А ответственность и сложность задачи были огромны. Никто толком не знал, не представлял себе, каким должен быть этот гигант в далекой таежной глуши с суровым сибирским климатом.
Правда, на богатства этого края, на его возможности для строительства металлургического завода обратили внимание давно. Передовые русские инженеры еще до Октября вели разговоры о постройке металлургического завода в Сибири. Сам Бардин, работавший тогда в Енакиеве, принадлежал к той группе инженеров, которая хорошо понимала, в каком тупике находилась русская металлургия, видела, что один Юг уже не может питать металлом огромную страну. Нельзя было мириться и с отсталостью техники.
Но тогда только мечтали и строили догадки о возможностях Кузнецкого бассейна с его огромными запасами угля для металлургии.
В 1917 году Михаил Константинович Курако получил приглашение от одного акционерного общества запроектировать и построить в Кузбассе домны американского типа. Пригласив с собой нескольких инженеров, он отправился в Сибирь. Оттуда учитель писал Бардину восторженные письма, рассказывал о богатствах края, о его перспективах, об отличных коксующихся углях. Но жизнь Курако трагически оборвалась, он умер в 1920 году в Кузнецке от тифа. Инженеров его группы гражданская война разбросала в разные стороны, и изыскания по строительству завода прекратились.
Их возобновили в 1925 году. Тогда вновь заговорили о заводе. Возникла проблема Урало-Кузнецкого комбината, но проект металлургического гиганта рождался долго и трудно. При его создании, как и при решении других вопросов по металлургии, боролись два течения — сторонники немецкой и сторонники американской ориентаций.

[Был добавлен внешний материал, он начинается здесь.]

lemma shift_measurable [measurable]: "shift \<in> measurable \<Omega> \<Omega>"
  unfolding shift_def[abs_def] by (rule measurable_PiM_single') simp_all

lemma sets_path_law [simp, measurable_cong]: "sets path_law = sets \<Omega>"
  by (simp add: path_law_def)

lemma space_path_law [simp]: "space path_law = UNIV"
  by (simp add: path_law_def space_PiM)

lemma prob_space_path_law: "prob_space path_law"
  unfolding path_law_def by (rule prob_space.prob_space_distr[OF M_prob path_measurable])

lemma measure_path_law: "S \<in> sets \<Omega> \<Longrightarrow> measure path_law S = measure M {\<omega>\<in>space M. path \<omega> \<in> S}"
  unfolding path_law_def by (subst measure_distr) (auto intro!: arg_cong[where f="measure M"])

text \<open>One step of the stationarity argument: prepending an unconstrained first step to a
  prefix event costs a factor \<open>P\<close>, which the invariance of \<open>\<mu>\<close> absorbs.\<close>
lemma measure_shifted_prefix:
  assumes F: "\<And>i. F i \<in> sets borel"
  shows "measure M {\<omega>\<in>space M. \<forall>i<n. X (Suc i) \<omega> \<in> F i} = measure M {\<omega>\<in>space M. \<forall>i<n. X i \<omega> \<in> F i}"
proof (cases n)
  case (Suc m)
  define Ss where "Ss = map (\<lambda>i. F (Suc i)) [0..<m]"
  have Ss: "set Ss \<subseteq> sets borel" "set (F 0 # Ss) \<subseteq> sets borel" using F by (auto simp: Ss_def)
  have [measurable]: "path_int p Ss \<in> borel_measurable borel" "F 0 \<in> sets borel"
    using path_int_measurable[OF Ss(1)] F by simp_all
  have bound: "\<bar>indicator (F 0) y * path_int p Ss y\<bar> \<le> 1" for y
    using abs_path_int_le_1[OF Ss(1)] by (simp add: indicator_def)
  have "measure M {\<omega>\<in>space M. \<forall>i<n. X (Suc i) \<omega> \<in> F i}
      = measure M {\<omega>\<in>space M. X 0 \<omega> \<in> UNIV \<and> (\<forall>i<length (F 0 # Ss). X (Suc i) \<omega> \<in> (F 0 # Ss) ! i)}"
    by (simp add: Suc Ss_def All_less_Suc2 nth_Cons')
  also have "\<dots> = (\<integral>x. \<pi> x * P (\<lambda>y. indicator (F 0) y * path_int p Ss y) x \<partial>lborel)"
    using Ss by (subst X_law) (simp_all add: path_int_Cons_eq_P del: path_int.simps)
  also have "\<dots> = (\<integral>x. indicator (F 0) x * \<pi> x * path_int p Ss x \<partial>lborel)"
    by (subst integral_pi_P[OF _ bound]) (simp_all add: mult_ac)
  also have "\<dots> = measure M {\<omega>\<in>space M. X 0 \<omega> \<in> F 0 \<and> (\<forall>i<length Ss. X (Suc i) \<omega> \<in> Ss ! i)}"
    using Ss F by (subst X_law) simp_all
  also have "\<dots> = measure M {\<omega>\<in>space M. \<forall>i<n. X i \<omega> \<in> F i}"
    by (simp add: Suc Ss_def All_less_Suc2)
  finally show ?thesis .
qed simp

lemma measure_shifted_cylinder:
  assumes J: "finite J" and As: "\<And>i. i \<in> J \<Longrightarrow> As i \<in> sets borel"
  shows "measure M {\<omega>\<in>space M. \<forall>i\<in>J. X (Suc i) \<omega> \<in> As i} = measure M {\<omega>\<in>space M. \<forall>i\<in>J. X i \<omega> \<in> As i}"
proof -
  obtain n where n: "J \<subseteq> {..<n}" using finite_nat_bounded[OF J] by blast
  define F where "F i = (if i \<in> J then As i else UNIV)" for i
  have F: "F i \<in> sets borel" for i using As by (simp add: F_def)
  have "(\<forall>i\<in>J. Y i \<in> As i) \<longleftrightarrow> (\<forall>i<n. Y i \<in> F i)" for Y :: "nat \<Rightarrow> 'a"
    using n by (auto simp: F_def)
  then show ?thesis using measure_shifted_prefix[OF F] by simp
qed

lemma emeasure_distr_cylinder:
  assumes [measurable]: "g \<in> measurable M \<Omega>" and J: "finite J" and As: "\<And>i. i \<in> J \<Longrightarrow> As i \<in> sets borel"
  shows "emeasure (distr M \<Omega> g) (prod_emb UNIV (\<lambda>_. borel) J (Pi\<^sub>E J As))
    = emeasure M {\<omega>\<in>space M. \<forall>i\<in>J. g \<omega> i \<in> As i}"
proof -
  have "prod_emb UNIV (\<lambda>_. borel) J (Pi\<^sub>E J As) \<in> sets \<Omega>"
    using J As by (intro sets_PiM_I) auto
  then show ?thesis
    by (subst emeasure_distr) (auto intro!: arg_cong[where f="emeasure M"] simp: prod_emb_iff PiE_iff)
qed

lemma distr_shift_path_law: "distr path_law \<Omega> shift = path_law"
proof (rule measure_eqI_PiM_infinite)
  show "finite_measure (distr path_law \<Omega> shift)"
    using prob_space.prob_space_distr[OF prob_space_path_law, of shift \<Omega>]
    by (simp add: prob_space_def)
next
  interpret prob_space M by (rule M_prob)
  fix J :: "nat set" and As :: "nat \<Rightarrow> 'a set"
  assume J: "finite J" and As: "\<And>i. i \<in> J \<Longrightarrow> As i \<in> sets borel"
  have "distr path_law \<Omega> shift = distr M \<Omega> (\<lambda>\<omega>. shift (path \<omega>))"
    unfolding path_law_def by (subst distr_distr) (simp_all add: comp_def)
  then show "emeasure (distr path_law \<Omega> shift) (prod_emb UNIV (\<lambda>_. borel) J (Pi\<^sub>E J As))
      = emeasure path_law (prod_emb UNIV (\<lambda>_. borel) J (Pi\<^sub>E J As))"
    using measure_shifted_cylinder[OF J As]
    by (simp add: path_law_def emeasure_distr_cylinder[OF _ J As] emeasure_eq_measure shift_def path_def)
qed simp_all

lemma ergodic_mpt_shift: "ergodic_mpt path_law shift"
proof -
  interpret prob_space path_law by (rule prob_space_path_law)
  show ?thesis
  proof (unfold_locales)
    show "shift \<in> measurable path_law path_law" by simp
    show "distr path_law path_law shift = path_law"
      using distr_shift_path_law by (simp cong: distr_cong)
    fix S assume S: "S \<in> sets path_law" and "\<forall>w\<in>space path_law. shift w \<in> S \<longleftrightarrow> w \<in> S"
    then have "\<forall>f. f \<in> S \<longleftrightarrow> (\<lambda>n. f (Suc n)) \<in> S" by (auto simp: shift_def[abs_def])
    then show "measure path_law S = 0 \<or> measure path_law S = 1"
      using ergodic[of S] S measure_path_law[of S] by (auto simp: path_def[abs_def])
  qed
qed

end

locale reactive_chain = stationary_chain p \<pi> M X + reactive_sets p \<pi> A B
  for p :: "'a::euclidean_space \<Rightarrow> 'a \<Rightarrow> real" and \<pi> M and X :: "nat \<Rightarrow> 'w \<Rightarrow> 'a" and A B
begin

definition reactive_paths :: "(nat \<Rightarrow> 'a) set" where
  "reactive_paths = {f. f 0 \<in> A \<and> (\<exists>j>0. f j \<in> B \<and> (\<forall>i. 0 < i \<and> i < j \<longrightarrow> f i \<notin> A \<union> B))}"

text \<open>Reactive segments \<open>X\<^sub>0, \<dots>, X\<^sub>j\<^sub>+\<^sub>1\<close> with exactly \<open>j\<close> interior points.\<close>
definition reactive_paths_length :: "nat \<Rightarrow> (nat \<Rightarrow> 'a) set" where
  "reactive_paths_length j = {f. f 0 \<in> A \<and> (\<forall>i<j. f (Suc i) \<in> - (A \<union> B)) \<and> f (Suc j) \<in> B}"

lemma reactive_paths_measurable [measurable]: "reactive_paths \<in> sets \<Omega>"
proof -
  have "reactive_paths = {f\<in>space \<Omega>. f 0 \<in> A \<and> (\<exists>j::nat. 0 < j \<and> f j \<in> B \<and> (\<forall>i::nat. 0 < i \<and> i < j \<longrightarrow> f i \<notin> A \<union> B))}"
    by (auto simp: reactive_paths_def space_PiM)
  also have "\<dots> \<in> sets \<Omega>" by measurable
  finally show ?thesis .
qed

lemma reactive_paths_length_measurable [measurable]: "reactive_paths_length j \<in> sets \<Omega>"
proof -
  have "reactive_paths_length j = {f\<in>space \<Omega>. f 0 \<in> A \<and> (\<forall>i<j. f (Suc i) \<in> - (A \<union> B)) \<and> f (Suc j) \<in> B}"
    by (auto simp: reactive_paths_length_def space_PiM)
  also have "\<dots> \<in> sets \<Omega>" by measurable
  finally show ?thesis .
qed

lemma reactive_paths_eq_UN: "reactive_paths = (\<Union>j. reactive_paths_length j)"
proof (intro equalityI subsetI)
  fix f assume "f \<in> reactive_paths"
  then obtain j where "f 0 \<in> A" "0 < j" "f j \<in> B" "\<forall>i. 0 < i \<and> i < j \<longrightarrow> f i \<notin> A \<union> B"
    by (auto simp: reactive_paths_def)
  then show "f \<in> (\<Union>j. reactive_paths_length j)"
    by (cases j) (auto simp: reactive_paths_length_def)
next
  fix f assume "f \<in> (\<Union>j. reactive_paths_length j)"
  then obtain j where j: "f 0 \<in> A" "\<forall>i<j. f (Suc i) \<in> - (A \<union> B)" "f (Suc j) \<in> B"
    by (auto simp: reactive_paths_length_def)
  have "f i \<notin> A \<union> B" if "0 < i" "i < Suc j" for i
    using j(2) that by (cases i) auto
  then show "f \<in> reactive_paths" using j by (auto simp: reactive_paths_def intro!: exI[of _ "Suc j"])
qed

lemma disjoint_family_reactive_paths_length: "disjoint_family reactive_paths_length"
  unfolding disjoint_family_on_def reactive_paths_length_def
  by (auto simp: neq_iff)

lemma funpow_shift: "(shift ^^ m) f = (\<lambda>n. f (n + m))"
  by (induction m arbitrary: f) (auto simp: shift_def)

lemma birkhoff_sum_reactive_paths:
  "birkhoff_sum shift (indicator reactive_paths) n (path \<omega>) = real (reactive_count A B X n \<omega>)"
proof -
  define Q where "Q = {m. \<exists>j>0. X m \<omega> \<in> A \<and> X (m + j) \<omega> \<in> B \<and> (\<forall>i. m < i \<and> i < m + j \<longrightarrow> X i \<omega> \<notin> A \<union> B)}"
  have "(shift ^^ m) (path \<omega>) \<in> reactive_paths \<longleftrightarrow> m \<in> Q" for m
  proof -
    have "(\<forall>i. 0 < i \<and> i < j \<longrightarrow> X (i + m) \<omega> \<notin> A \<union> B) \<longleftrightarrow> (\<forall>i. m < i \<and> i < m + j \<longrightarrow> X i \<omega> \<notin> A \<union> B)" for j
      by (auto dest: spec[of _ "i - m" for i])
    then show ?thesis by (auto simp: Q_def reactive_paths_def funpow_shift path_def add.commute)
  qed
  then have "birkhoff_sum shift (indicator reactive_paths) n (path \<omega>) = (\<Sum>m<n. indicator Q m)"
    unfolding birkhoff_sum_def by (intro sum.cong) (auto simp: indicator_def)
  also have "\<dots> = real (card ({..<n} \<inter> Q))"
    by (simp add: indicator_def sum.If_cases)
  also have "{..<n} \<inter> Q = {m. m < n \<and> m \<in> Q}" by auto
  finally show ?thesis by (simp add: reactive_count_def Q_def)
qed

Работа ведущей организации в этой области, Гипромеза, отличалась тогда, мягко говоря, большой осторожностью. На проектных решениях в большинстве случаев лежала печать хотя и устаревшей, но зато «надежной» практики старых заводов. «Она не подведет, — считали некоторые ведущие инженеры Гипромеза. — А новейшая техника? Кто ее знает, что она даст в наших условиях?»
Не зная последних достижений мировой науки и техники, они предпочитали спокойную жизнь. Так, руководитель группы прокатки всегда — и довольно умело — утверждал, что металл надо разливать в мелкие слитки, так удобнее их прокатывать, можно обойтись без блюминга.
В решениях другого руководящего работника Гипромеза, который до того долго был директором ряда уральских заводов, всегда чувствовался его «уральский» подход того времени — небольшие масштабы предприятий, скученность цехов и т. п.
Люди подобного типа усиленно доказывали, что в Сибири нельзя строить большие металлургические предприятия. Они якобы не смогут эффективно работать, так как будут находиться в глуши, не будут иметь достаточного сбыта продукции. И очень невыгодно покупать за валюту для такого завода дорогостоящее оборудование за границей. Лучше строить небольшие, мало механизированные печи.
Сторонникам новой техники приходилось выдерживать большие сражения. Но новаторов поддержали. Коммунистическая партия в своих планах индустриализации страны смотрела далеко вперед и решительно отметала куцые, недальновидные решения. Стране нужно было огромное, все возрастающее количество металла. И было ясно, что такой завод, как Кузнецкий, должен работать несколько десятков лет. Дорогое оборудование, мощные агрегаты — все со временем должно окупиться, особенно при значительном удешевлении продукции, которое дает большое массовое производство.
Гипромез, который до этого проектировал не только металлургические, но и тракторные, вагоно-паровозостроительные и другие машиностроительные заводы, был в 1928 году разделен на ряд специализированных проектных организаций. Теперь он проектировал только металлургические предприятия. Почти одновременно под руководством профессора В. Е. Грум-Гржимайло было создано проектное бюро по проектированию металлургических печей. Это значительно улучшило дело.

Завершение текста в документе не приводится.